Iraqi poet (1939–2018)

Kamal al-Hadithi (كمال الحديثي; 1939 – 12 February 2018) was an Iraqi poet and journalist, best known for his Arab nationalist inclinations, who published about seventeen poetry collections between 1979 and 2001. He was born in Haditha in Anbar, graduated from University of Baghdad in 1960, then worked as a school teacher and head teacher in the 1960s and 1970s. One of the prominent culture-related figures of the Iraqi Ba'ath Party from 1978, he was elected as Member of the Iraqi National Assembly for two consecutive terms, 1980 and 1988. After 2003 deposing Ba'athist government, Al-Hadithi lived in silence and isolation for years until died in Baghdad at the age of 79.

== Biography ==
Kamal bin Abdullah bin Zuwaid al-Hadithi was born in 1939 in Haditha, Anbar Governorate, Kingdom of Iraq. He completed his primary studies there, middle school in Anah, and secondary school in Ramadi in 1956. He went to Baghdad, and joined the Department of Arabic Language, College of Arts in University of Baghdad, from which he graduated in 1960.

After graduation, he was assigned as an Arabic language teacher in various schools, including: Primary Teachers' House 1960–1963, Nasiriyah Preparatory School for Boys, Seleikh Intermediate and Suwis High School from 1963 to 1968. Since 1968, he has worked as an editor in Al-Thawra newspaper, then became its first deputy editor-in-chief after that, he has been also the director of the Culture and Information Office since 1977, and the Principal of the Ba'ath Party Preparation School.
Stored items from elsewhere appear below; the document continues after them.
lemma hmap_red_stH:
  assumes u: "\<forall>j\<in>J. 0 < u j"
  shows "hmap (red_h (stH T)) R' J (red_lam (stH T) (stR T) J (stLam T)) u = model_point (mle_params u)"
proof -
  have "\<forall>f\<in>F. floret_count u f \<noteq> 0"
    using floret_count_pos[OF u] by force
  then show ?thesis
    using hmap_red_lam[OF hlin_stH_one_nonzero] hmap_stH_pos[OF u] hmap_stH by simp
qed

end

theorem corollary3p6:
  fixes T :: "'l ltree"
  assumes "staged_tree T"
  defines "J \<equiv> paths T"
  defines "Ht \<equiv> red_h (stH T)"
  defines "Rt \<equiv> red_rows (stH T) (stR T) J"
  defines "lt \<equiv> red_lam (stH T) (stR T) J (stLam T)"
  shows "horn_pair Ht Rt J lt
       \<and> (\<forall>u. (\<forall>j\<in>J. 0 < u j) \<longrightarrow> is_MLE J (staged_model T) u (hmap Ht Rt J lt u))
       \<and> hmap Ht Rt J lt ` {u. \<forall>j\<in>J. 0 < u j} = staged_model T"
proof -
  interpret S: staged T
    using assms(1) by (rule staged.intro)
  have "hmap Ht Rt J lt ` {u. \<forall>j\<in>J. 0 < u j}
      = (\<lambda>u. S.model_point (S.mle_params u)) ` {u. \<forall>j\<in>J. 0 < u j}"
    unfolding Ht_def Rt_def lt_def J_def by (intro image_cong) (simp_all add: S.hmap_red_stH)
  then show ?thesis
    unfolding Ht_def Rt_def lt_def J_def
    using S.horn_pair_red_stH S.is_MLE_mle_params S.hmap_red_stH S.image_model_point_mle_params
    by simp
qed

end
He entered politics in the 1980s and was a member of the National Assembly of [Baathist] Iraq for two consecutive terms between 1980 and 1988. He received a Certificate of Merit in 1984, and was awarded the High Merit in poetry and prose.
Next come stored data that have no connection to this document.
lemma Cminus_eq_diag_plus_rank_one:
  assumes n: "n = (\<Sum>j\<in>UNIV. ns j)" and d: "\<And>i. dminus n p \<eta> (ns i) \<noteq> 0"
  shows "Cminus ns p \<eta> \<tau> = diag_plus_rank_one (\<lambda>i. \<tau> + p * real n * (1 - \<eta>) / dminus n p \<eta> (ns i))
           (- (p * (1 - \<eta>))) (\<lambda>i. sqrt (real (ns i) / dminus n p \<eta> (ns i)))"
proof -
  have "1 + \<tau> + p / dminus n p \<eta> (ns i) * (\<eta> + real (ns i) * (1 - 2*\<eta>))
      = \<tau> + p * real n * (1 - \<eta>) / dminus n p \<eta> (ns i)" for i
    using d[of i] by (simp add: field_simps) (simp add: dminus_def algebra_simps)
  then show ?thesis
    by (simp add: Cminus_def diag_plus_rank_one_def n[symmetric] vec_eq_iff)
qed

lemma Cplus_quadratic_form_ge:
  fixes ns :: "'k::finite \<Rightarrow> nat"
  assumes n: "n = (\<Sum>j\<in>UNIV. ns j)" "0 < n" and p: "0 < p" and \<eta>: "0 \<le> \<eta>"
    and d: "\<And>i. dplus n p \<eta> (ns i) > 0"
  shows "\<tau> * (x \<bullet> x) \<le> x \<bullet> (Cplus ns p \<eta> \<tau> *v x)"
  unfolding Cplus_eq_diag_plus_rank_one[OF n(1) less_imp_neq[OF d, symmetric]]
  by (rule quadratic_form_cluster_rank_one_ge[OF n p \<eta> d])

lemma Cminus_quadratic_form_ge:
  fixes ns :: "'k::finite \<Rightarrow> nat"
  assumes n: "n = (\<Sum>j\<in>UNIV. ns j)" "0 < n" and p: "0 < p" and \<eta>: "\<eta> \<le> 1"
    and d: "\<And>i. dminus n p \<eta> (ns i) > 0"
  shows "\<tau> * (x \<bullet> x) \<le> x \<bullet> (Cminus ns p \<eta> \<tau> *v x)"
  unfolding Cminus_eq_diag_plus_rank_one[OF n(1) less_imp_neq[OF d, symmetric]]
  by (rule quadratic_form_cluster_rank_one_ge[OF n p _ d]) (use \<eta> in simp)

lemma Cplus_quadratic_form_le:
  fixes ns :: "'k::finite \<Rightarrow> nat"
  assumes n: "n = (\<Sum>j\<in>UNIV. ns j)" "0 < n" and s: "s = Min ((\<lambda>i. real (ns i) / real n) ` UNIV)"
    and p: "0 < p" and \<eta>: "0 \<le> \<eta>" "\<eta> \<le> 1/2" and d: "\<And>i. dplus n p \<eta> (ns i) > 0"
  shows "x \<bullet> (Cplus ns p \<eta> \<tau> *v x)
           \<le> (\<tau> + real n * \<eta> / (real n * (s * (1 - 2*\<eta>) + \<eta>) - (1 - \<eta>))) * (x \<bullet> x)"
proof -
  define D where "D = real n * (s * (1 - 2*\<eta>) + \<eta>) - (1 - \<eta>)"
  have dplus_ge: "p * D \<le> dplus n p \<eta> (ns i)" for i
  proof -
    have "s \<le> real (ns i) / real n" unfolding s by (rule Min_le) auto
    then have "real n * s * (1 - 2*\<eta>) \<le> real (ns i) * (1 - 2*\<eta>)"
      using n(2) \<eta> by (intro mult_right_mono) (simp_all add: field_simps)
    then have "p * (real n * s * (1 - 2*\<eta>)) \<le> p * (real (ns i) * (1 - 2*\<eta>))"
      using p by (intro mult_left_mono) simp_all
    then show ?thesis by (simp add: D_def dplus_def algebra_simps)
  qed
  have "s \<in> (\<lambda>i. real (ns i) / real n) ` UNIV" unfolding s by (rule Min_in) simp_all
  then obtain i0 where "s = real (ns i0) / real n" by blast
  then have "dplus n p \<eta> (ns i0) = p * D" using n(2) by (simp add: D_def dplus_def algebra_simps)
  then have D: "D > 0" using d[of i0] p by (simp add: zero_less_mult_iff)
  have "p * real n * \<eta> / dplus n p \<eta> (ns i) \<le> real n * \<eta> / D" for i
  proof -
    have "p * real n * \<eta> / dplus n p \<eta> (ns i) \<le> p * real n * \<eta> / (p * D)"
      using dplus_ge[of i] d[of i] D p \<eta> by (intro divide_left_mono) simp_all
    then show ?thesis using p by simp
  qed
  then show ?thesis
    unfolding Cplus_eq_diag_plus_rank_one[OF n(1) less_imp_neq[OF d, symmetric]] D_def[symmetric]
    using p \<eta> by (intro quadratic_form_diag_minus_rank_one_le) simp_all
qed

theorem mainTheorem10:
  fixes ns :: "'k::finite \<Rightarrow> nat" and p \<eta> \<tau>p \<tau>m :: real
  assumes "CARD('k) \<ge> 2"
    and "\<forall>i. ns i > 0"
    and "0 < p" "p \<le> 1" "0 \<le> \<eta>" "\<eta> < 1/2"
    and "\<tau>p > 0" "\<tau>m \<ge> 0"
    and "\<forall>i. dplus (\<Sum>j\<in>UNIV. ns j) p \<eta> (ns i) > 0"
    and "\<forall>i. dminus (\<Sum>j\<in>UNIV. ns j) p \<eta> (ns i) > 0"
  shows "let n = real (\<Sum>j\<in>UNIV. ns j);
             s = Min ((\<lambda>i. real (ns i) / n) ` UNIV);
             B = \<tau>m + n * \<eta> / (n * (s * (1 - 2*\<eta>) + \<eta>) - (1 - \<eta>));
             Cp = Cplus ns p \<eta> \<tau>m; Cm = Cminus ns p \<eta> \<tau>p
         in lambda_max Cp \<le> B \<and> lambda_min Cm \<ge> \<tau>p \<and>
            spec_norm (inv_sqrt Cm ** Cp ** inv_sqrt Cm) \<le> lambda_max Cp / lambda_min Cm \<and>
            lambda_max Cp / lambda_min Cm \<le> B / \<tau>p"
proof -
  define n where "n = (\<Sum>j\<in>UNIV. ns j)"
  define s where "s = Min ((\<lambda>i. real (ns i) / real n) ` UNIV)"
  define B where "B = \<tau>m + real n * \<eta> / (real n * (s * (1 - 2*\<eta>) + \<eta>) - (1 - \<eta>))"
  define Cp where "Cp = Cplus ns p \<eta> \<tau>m"
  define Cm where "Cm = Cminus ns p \<eta> \<tau>p"
  have n: "0 < n" unfolding n_def using assms(2) by (simp add: sum_pos)
  have dp: "\<And>i. dplus n p \<eta> (ns i) > 0" and dm: "\<And>i. dminus n p \<eta> (ns i) > 0"
    using assms(9,10) by (simp_all add: n_def)
  have sym: "transpose Cp = Cp" "transpose Cm = Cm"
    by (simp_all add: Cp_def Cm_def transpose_Cplus transpose_Cminus)
  have Cp_ge: "\<tau>m * (x \<bullet> x) \<le> x \<bullet> (Cp *v x)" for x
    unfolding Cp_def by (rule Cplus_quadratic_form_ge[OF n_def n assms(3,5) dp])
  have Cp_le: "x \<bullet> (Cp *v x) \<le> B * (x \<bullet> x)" for x
    unfolding Cp_def B_def
    by (rule Cplus_quadratic_form_le[OF n_def n s_def assms(3,5) _ dp]) (use assms(6) in simp)
  have Cm_ge: "\<tau>p * (x \<bullet> x) \<le> x \<bullet> (Cm *v x)" for x
    unfolding Cm_def
    by (rule Cminus_quadratic_form_ge[OF n_def n assms(3) _ dm]) (use assms(6) in simp)
  have L: "\<tau>m \<le> lambda_max Cp" "lambda_max Cp \<le> B"
    using lambda_max_ge_if_quadratic_form_ge lambda_max_le_if_quadratic_form_le sym Cp_ge Cp_le
    by blast+
  have m: "\<tau>p \<le> lambda_min Cm" by (rule lambda_min_ge_if_quadratic_form_ge[OF sym(2) Cm_ge])
  have "\<forall>l\<in>eigvals Cm. l > 0"
    using eigval_ge_if_quadratic_form_ge[OF _ Cm_ge] assms(7) by fastforce
  moreover have "0 \<le> x \<bullet> (Cp *v x)" for x
    using Cp_ge[of x] assms(8) by (meson order_trans zero_le_mult_iff inner_ge_zero)
  ultimately have "spec_norm (inv_sqrt Cm ** Cp ** inv_sqrt Cm) \<le> lambda_max Cp / lambda_min Cm"
    by (rule spec_norm_inv_sqrt_congruence_le[OF sym(2) _ sym(1)])
  moreover have "lambda_max Cp / lambda_min Cm \<le> B / \<tau>p"
    using L m assms(7,8) by (intro frac_le) auto
  ultimately show ?thesis using L m by (simp add: Let_def flip: n_def s_def B_def Cp_def Cm_def)
qed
He held the position of Director of the Culture and Information Office in the National Command of the Baath Party since 1977, and was appointed in 1997 as an advisor in the Presidential Office, while retaining his position as Director of the Office of Culture and Information in the National Command. He was a member of the Union of Iraqi Writers, Iraqi Journalists Syndicat and the Iraqi Academy of Sciences.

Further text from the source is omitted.